Methodology to probe subunit interactions in ribonucleotide reductases

Abstract

Ribonucleotide reductases (RNRs) catalyze the conversion of nucleotides to deoxynucleotides, providing the monomelic precursors required for DNA replication and repair. Escherichia coli RNR is a 1:1 complex of two homodimeric subunits, α2 and β2. The interactions between α2 and β2 are thought to be largely associated with the C-terminal 20 amino acids (residues 356-375) of β2. To study subunit interactions, a single reactive cysteine has been introduced into each of 15 positions along the C-terminal tail of β2. Each cysteine has been modified with the photo-cross-linker benzophenone (BP) and the environmentally sensitive fluorophore dimethylaminonaphthalene (DAN).
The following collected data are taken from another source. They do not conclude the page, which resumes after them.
lemma funpow_mem_fg_component:
  assumes "(g ^^ k) y = x"
  shows "y \<in> fg_component g x"
proof -
  let ?S = "fg_edges g \<union> (fg_edges g)\<inverse>"
  have "(y, (g ^^ k) y) \<in> ?S\<^sup>*" for y
  proof (induction k arbitrary: y)
    case (Suc k)
    have "(y, (g ^^ k) (g y)) \<in> ?S\<^sup>*"
      by (rule converse_rtrancl_into_rtrancl[OF _ Suc.IH]) (auto simp: fg_edges_def)
    thus ?case
      by (simp only: funpow_Suc_right comp_def)
  qed simp
  hence "(x, y) \<in> (?S\<inverse>)\<^sup>*"
    using assms by (metis rtrancl_converseI)
  moreover have "?S\<inverse> = ?S"
    by auto
  ultimately show ?thesis
    by (simp add: fg_component_def)
qed

lemma fg_component_eqI:
  assumes "x \<in> B" "g ` B \<subseteq> B" "g -` B \<subseteq> B" "\<And>y. y \<in> B \<Longrightarrow> \<exists>k. (g ^^ k) y = x"
  shows "fg_component g x = B"
proof
  show "fg_component g x \<subseteq> B"
    using assms(1-3) by (rule fg_component_subset)
  show "B \<subseteq> fg_component g x"
  proof
    fix y
    assume "y \<in> B"
    then obtain k where "(g ^^ k) y = x"
      using assms(4) by blast
    thus "y \<in> fg_component g x"
      by (rule funpow_mem_fg_component)
  qed
qed

lemma fg_isoI:
  assumes "bij_betw \<psi> B A" "h ` B \<subseteq> B" "\<And>v. v \<in> B \<Longrightarrow> \<psi> (h v) = g (\<psi> v)"
  shows "fg_iso g A h B"
  unfolding fg_iso_def
proof (intro conjI exI ballI)
  have inj: "inj_on \<psi> B" and A: "A = \<psi> ` B"
    using assms(1) by (auto simp: bij_betw_def)
  show "bij_betw (inv_into B \<psi>) A B"
    using assms(1) by (rule bij_betw_inv_into)
  fix x
  assume "x \<in> A"
  then obtain v where v: "v \<in> B" "x = \<psi> v"
    using A by blast
  hence "h v \<in> B" and gx: "g x = \<psi> (h v)"
    using assms(2,3) by auto
  thus "g x \<in> A"
    using A by blast
  show "inv_into B \<psi> (g x) = h (inv_into B \<psi> x)"
    using v gx \<open>h v \<in> B\<close> inj by (simp add: inv_into_f_f)
next
  show "\<And>y. y \<in> B \<Longrightarrow> h y \<in> B"
    using assms(2) by blast
qed

lemma horner_sum_bits_inj:
  assumes "length bs = length cs" "horner_sum of_bool (2::nat) bs = horner_sum of_bool 2 cs"
  shows "bs = cs"
  using assms
proof (induction bs arbitrary: cs)
  case (Cons b bs)
  then obtain c cs' where "cs = c # cs'"
    by (cases cs) auto
  with Cons.prems have "of_bool b + 2 * horner_sum of_bool 2 bs
      = of_bool c + 2 * (horner_sum of_bool 2 cs' :: nat)"
    by simp
  hence "b = c" and "horner_sum of_bool 2 bs = (horner_sum of_bool 2 cs' :: nat)"
    by (cases b; cases c; simp; presburger)+
  moreover have "length bs = length cs'"
    using Cons.prems \<open>cs = c # cs'\<close> by simp
  ultimately show ?case
    using Cons.IH[of cs'] \<open>cs = c # cs'\<close> by blast
qed simp

lemma two_power_times_odd_inj:
  assumes "2 ^ i * (2 * x + 1) = 2 ^ j * (2 * y + (1::nat))"
  shows "i = j" "x = y"
proof -
  have "multiplicity 2 (2 ^ i * (2 * x + 1)) = i" "multiplicity 2 (2 ^ j * (2 * y + 1)) = j"
    by (rule multiplicity_decomposeI[OF refl]; simp)+
  thus "i = j"
    using assms by simp
  thus "x = y"
    using assms by simp
qed

text \<open>Read residues mod \<open>2 ^ m\<close> as \<open>m\<close>-bit words from the top bit down: the vertex \<open>Some xs\<close>
  becomes the word \<open>xs\<close>, then a single one, then zeros, and the root \<open>None\<close> becomes zero.
  Doubling mod \<open>2 ^ m\<close> shifts out the top bit, which is the head of \<open>xs\<close>.\<close>
fun tree_index :: "nat \<Rightarrow> bool list option \<Rightarrow> nat" where
  "tree_index m None = 0"
| "tree_index m (Some xs) = 2 ^ (m - 1 - length xs) * (2 * horner_sum of_bool 2 (rev xs) + 1)"

lemma cyc_tree_map_closed: "cyc_tree_map ` cyc_tree_verts m \<subseteq> cyc_tree_verts m"
proof
  fix w
  assume "w \<in> cyc_tree_map ` cyc_tree_verts m"
  then obtain v where "v \<in> cyc_tree_verts m" "w = cyc_tree_map v"
    by blast
  thus "w \<in> cyc_tree_verts m"
    by (cases v rule: cyc_tree_map.cases) (auto simp: cyc_tree_verts_def)
qed

lemma tree_index_less:
  assumes "v \<in> cyc_tree_verts m"
  shows "tree_index m v < 2 ^ m"
proof (cases v)
  case (Some xs)
  with assms have "length xs < m"
    by (simp add: cyc_tree_verts_def)
  have "2 * horner_sum of_bool 2 (rev xs) + 1 < (2::nat) ^ Suc (length xs)"
    using horner_sum_bound[of "rev xs", where 'a = nat] by simp
  hence "2 ^ (m - 1 - length xs) * (2 * horner_sum of_bool 2 (rev xs) + 1)
      < (2::nat) ^ (m - 1 - length xs) * 2 ^ Suc (length xs)"
    by (rule mult_strict_left_mono) simp
  hence "tree_index m v < 2 ^ (m - 1 - length xs) * 2 ^ Suc (length xs)"
    using Some by (simp only: tree_index.simps)
  also have "\<dots> = 2 ^ m"
    using \<open>length xs < m\<close> by (simp flip: power_add power_Suc)
  finally show ?thesis .
qed simp

lemma inj_on_tree_index: "inj_on (tree_index m) (cyc_tree_verts m)"
proof
  fix v w
  assume v: "v \<in> cyc_tree_verts m" and w: "w \<in> cyc_tree_verts m"
    and eq: "tree_index m v = tree_index m w"
  show "v = w"
  proof (cases v; cases w)
    fix xs ys
    assume xs: "v = Some xs" and ys: "w = Some ys"
    with eq have "2 ^ (m - 1 - length xs) * (2 * horner_sum of_bool 2 (rev xs) + 1)
      = (2::nat) ^ (m - 1 - length ys) * (2 * horner_sum of_bool 2 (rev ys) + 1)"
      by (simp only: tree_index.simps)
    hence "m - 1 - length xs = m - 1 - length ys"
      and "horner_sum of_bool 2 (rev xs) = (horner_sum of_bool 2 (rev ys) :: nat)"
      by (rule two_power_times_odd_inj)+
    moreover have "length xs < m" "length ys < m"
      using v w xs ys by (simp_all add: cyc_tree_verts_def)
    ultimately show "v = w"
      using xs ys horner_sum_bits_inj[of "rev xs" "rev ys"] by simp
  qed (use eq in simp_all)
qed

lemma tree_index_cyc_tree_map:
  assumes "v \<in> cyc_tree_verts m"
  shows "tree_index m (cyc_tree_map v) = 2 * tree_index m v mod 2 ^ m"
proof (cases v rule: cyc_tree_map.cases)
  case 2
  with assms show ?thesis
    by (simp add: cyc_tree_verts_def flip: power_Suc)
next
  case (3 b xs)
  with assms obtain j where m: "m = Suc (Suc (length xs + j))"
    by (auto simp: cyc_tree_verts_def dest!: less_imp_Suc_add)
  have "2 * tree_index m v = tree_index m (cyc_tree_map v) + of_bool b * 2 ^ m"
    by (simp add: 3 m horner_sum_append power_add algebra_simps)
  moreover have "tree_index m (cyc_tree_map v) < 2 ^ m"
    using 3 m by (intro tree_index_less) (simp add: cyc_tree_verts_def)
  ultimately show ?thesis
    by simp
qed simp

lemma card_cyc_tree_verts: "card (cyc_tree_verts m) = 2 ^ m"
proof (induction m)
  case 0
  show ?case
    by (simp add: cyc_tree_verts_def)
next
  case (Suc m)
  have "cyc_tree_verts (Suc m) = cyc_tree_verts m \<union> Some ` {xs. length xs = m}"
    by (auto simp: cyc_tree_verts_def less_Suc_eq)
  moreover have "card (Some ` {xs :: bool list. length xs = m}) = 2 ^ m"
    using card_lists_length_eq[of "UNIV :: bool set" m] by (simp add: card_image)
  moreover have "finite (cyc_tree_verts m)"
    using Suc.IH card_ge_0_finite by force
  moreover have "finite (Some ` {xs :: bool list. length xs = m})"
    using finite_lists_length_eq[of "UNIV :: bool set" m] by simp
  moreover have "cyc_tree_verts m \<inter> Some ` {xs. length xs = m} = {}"
    by (auto simp: cyc_tree_verts_def)
  ultimately show ?case
    using Suc.IH by (simp add: card_Un_disjoint)
qed

lemma bij_betw_tree_index: "bij_betw (tree_index m) (cyc_tree_verts m) {..<2 ^ m}"
proof -
  have "tree_index m ` cyc_tree_verts m \<subseteq> {..<2 ^ m}"
    using tree_index_less by blast
  moreover have "card (tree_index m ` cyc_tree_verts m) = card {..<(2::nat) ^ m}"
    using inj_on_tree_index card_cyc_tree_verts by (simp add: card_image)
  ultimately have "tree_index m ` cyc_tree_verts m = {..<2 ^ m}"
    by (intro card_subset_eq) simp_all
  thus ?thesis
    using inj_on_tree_index by (simp add: bij_betw_def)
qed

section \<open>The field with \<open>q\<^sup>2\<close> elements over \<open>F\<^sub>q\<close>\<close>

locale odd_quadratic_extension =
  fixes p n q :: nat and Fq :: "'a::{field,finite} set"
  assumes prime_p: "prime p" and odd_p: "odd p" and n_pos: "n \<ge> 1" and q_eq: "q = p ^ n"
    and card_UNIV: "card (UNIV :: 'a set) = q ^ 2"
    and Fq_eq: "Fq = {x. x ^ q = x}"
begin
Each construct has been purified to homogeneity and characterized by sodium dodecyl sulfate polyacrylamide gel electrophoresis (SDS-PAGE) and electrospray ionization mass spectrometry (ESI-MS). Each BP-β2 has been incubated with 1 equiv of α2 and photolyzed, and the results have been analyzed quantitatively by SDS-PAGE. Each DAN-β2 was incubated with a 50-fold excess of α2, and the emission maximum and intensity were measured. A comparison of the results from the two sets of probes reveals that sites with the most extensive cross-linking are also associated with the greatest changes in fluorescence. Titration of four different DAN-β2 variants (351, 356, 365, and 367) with α2 gave a Kd ≈ 0.4 μM for subunit interaction. Disruption of the interaction of the α2-DAN-β2 complex is accompanied by a decrease in fluorescence intensity and can serve as a high-throughput screen for inhibitors of subunit interactions. © 2008 American Chemical Society.